Consider night and day, fruit falling and seeds growing, the seasons, etc. Start with Jesus and work backwards and these things can be seen as prefiguring bodily life after death. Start with ancient Hindu and Buddhist thought though, and you get some kind of reincarnation scheme. Start with Native American tribal beliefs, and you get something like The Circle of Life. Start with modern materialistic science, and you find you are just describing the meaningless recombination of atoms.

Everyone largely agrees on what they see going on, but what does it mean? It’s nice for Clement to see God typifying the resurrection in nature, but everyone else who does not have faith in Christ looks at the same thing and comes to entirely different conclusions – ones that confirm the beliefs they already bring to the table.

This is a good example of how general revelation can only get you so far. All by itself, it has too many loose ends. It demands some guiding principals for us to make any sense of it all. I think however you view the natural world, you will end up seeing it as either some kind of circle, or a straight line. Either everything just keeps happening over and over to no end but to repeat, or happening over and over toward a specific end that has not happened yet. Either birth is the whole kahuna that will eventually express itself again, or birth is a small birth and later there will be a big birth. Either the sun rising is an illumination not any brighter or dimmer than yesterday or tomorrow, or it is a small sun rising and later there will be a much brighter dawn.

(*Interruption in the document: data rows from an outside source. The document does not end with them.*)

theorem lemma3:
  fixes K :: nat and \<mu> \<sigma> :: "nat \<Rightarrow> real"
  assumes K2: "2 \<le> K"
    and mu12: "\<mu> 1 > \<mu> 2"
    and mu_sorted: "\<forall>a\<in>{2..<K}. \<mu> a \<ge> \<mu> (Suc a)"
    and sigma_pos: "\<forall>a\<in>{1..K}. \<sigma> a > 0"
  defines "b \<equiv> (\<mu> 1 - \<mu> 2)\<^sup>2 / (2 * (\<sigma> 1)\<^sup>2)"
  shows "strict_mono_on {0<..<b} (Fsum K \<mu> \<sigma>)
    \<and> (Fsum K \<mu> \<sigma> \<longlongrightarrow> 0) (at_right 0)
    \<and> filterlim (Fsum K \<mu> \<sigma>) at_top (at_left b)
    \<and> (\<exists>!y. y \<in> {0<..<b} \<and> Fsum K \<mu> \<sigma> y = 1)
    \<and> (\<exists>w. is_optimal K \<mu> \<sigma> w)
    \<and> (\<forall>y w. y \<in> {0<..<b} \<and> Fsum K \<mu> \<sigma> y = 1 \<and> is_optimal K \<mu> \<sigma> w \<longrightarrow>
          w 1 = 1 / (1 + (\<Sum>i=2..K. 1 / psi \<mu> \<sigma> i y))
          \<and> (\<forall>a\<in>{2..K}. w a = (1 / psi \<mu> \<sigma> a y) / (1 + (\<Sum>i=2..K. 1 / psi \<mu> \<sigma> i y))))"
proof -
  have sigma_ne_0: "\<And>a. a \<in> {1..K} \<Longrightarrow> \<sigma> a \<noteq> 0"
    using sigma_pos by force
  have two_b: "2 * b * (\<sigma> 1)\<^sup>2 = (\<mu> 1 - \<mu> 2)\<^sup>2" and b_pos: "0 < b"
    using sigma_ne_0[of 1] K2 mu12 by (simp_all add: b_def)
  have gaps: "\<And>a. a \<in> {2..K} \<Longrightarrow> 2 * b * (\<sigma> 1)\<^sup>2 \<le> (\<mu> 1 - \<mu> a)\<^sup>2"
    unfolding two_b using mu12 mu_sorted by (rule sq_gap_le_of_sorted)
  have mono: "strict_mono_on {0<..<b} (Fsum K \<mu> \<sigma>)"
    using K2 sigma_ne_0 gaps by (rule Fsum_strict_mono_on)
  moreover have "(Fsum K \<mu> \<sigma> \<longlongrightarrow> 0) (at_right 0)"
    using b_pos sigma_ne_0 gaps by (rule Fsum_tendsto_0)
  moreover have at_top: "filterlim (Fsum K \<mu> \<sigma>) at_top (at_left b)"
    using K2 sigma_ne_0 b_pos two_b by (intro Fsum_at_top[of 2]) auto
  moreover have ex1: "\<exists>!y. y \<in> {0<..<b} \<and> Fsum K \<mu> \<sigma> y = 1"
    using b_pos continuous_on_Fsum[of K \<sigma> b \<mu>, OF sigma_ne_0 gaps] mono at_top
    by (intro strict_mono_on_ex1_crossing) (auto simp: Fsum_at_0)
  moreover have root: "Fsum_root K \<mu> \<sigma> y" if "y \<in> {0<..<b}" "Fsum K \<mu> \<sigma> y = 1" for y
    using K2 sigma_pos gaps that by (rule Fsum_rootI)
  moreover have "\<exists>w. is_optimal K \<mu> \<sigma> w"
    using ex1 root Fsum_root.is_optimal_opt_weights by blast
  ultimately show ?thesis
    using root Fsum_root.optimal_closed_form by blast
qed

end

Christianity sees time as a straight line with embedded repeating patterns, moving ever toward an end like a train barreling down the tracks toward its destination. Many other schemes of understanding the world begin and end with the patterns – they are all there is. In this sense, modern scientific atheism is actually more akin to Christianity. It also sees history as a straight line, from the explosion of the big bang to the eventual total expansion of the universe until all the suns die and the galaxies grow cold. It is a nihilistic future of icy death. And yet for secularists, that kind of raw materialism is not very palatable for day-to-day life and so they fall back on the cyclical model, describing life and relationships as narrative tropes.

On the next page, in chapter 25 of his epistle, Clement invokes the legend of the phoenix (which he takes to be a description of an actual bird), as also being a natural prefiguring or emblem of the bodily resurrection found in Christ. In the opening lines to Daft Punk’s hit Get Lucky from a couple years ago, Pharrel Williams drags the poor phoenix into the mix too. But what does it mean here? The “force from the beginning that keeps the planet spinning” – namely sex which (occasionally) leads to procreation. That’s why he’s at the funky club all night hoping to “get lucky” with some gal who wants to “get some”.

get-lucky

So ask someone to describe something and you’ll likely find out a lot more about the person than about the thing being described.

Chesterton, in one of the better passages from The Everlasting Man, says that the cross of Christ stands distinct in history as a sharp event. It is a stumbling block that must be dealt with, rudely interrupting what we thought was a pointless circle:

We might say that when St. George thrust his spear into the monster’s jaws, he broke in upon the solitude of the self-devouring serpent and gave it something to bite besides its own tail.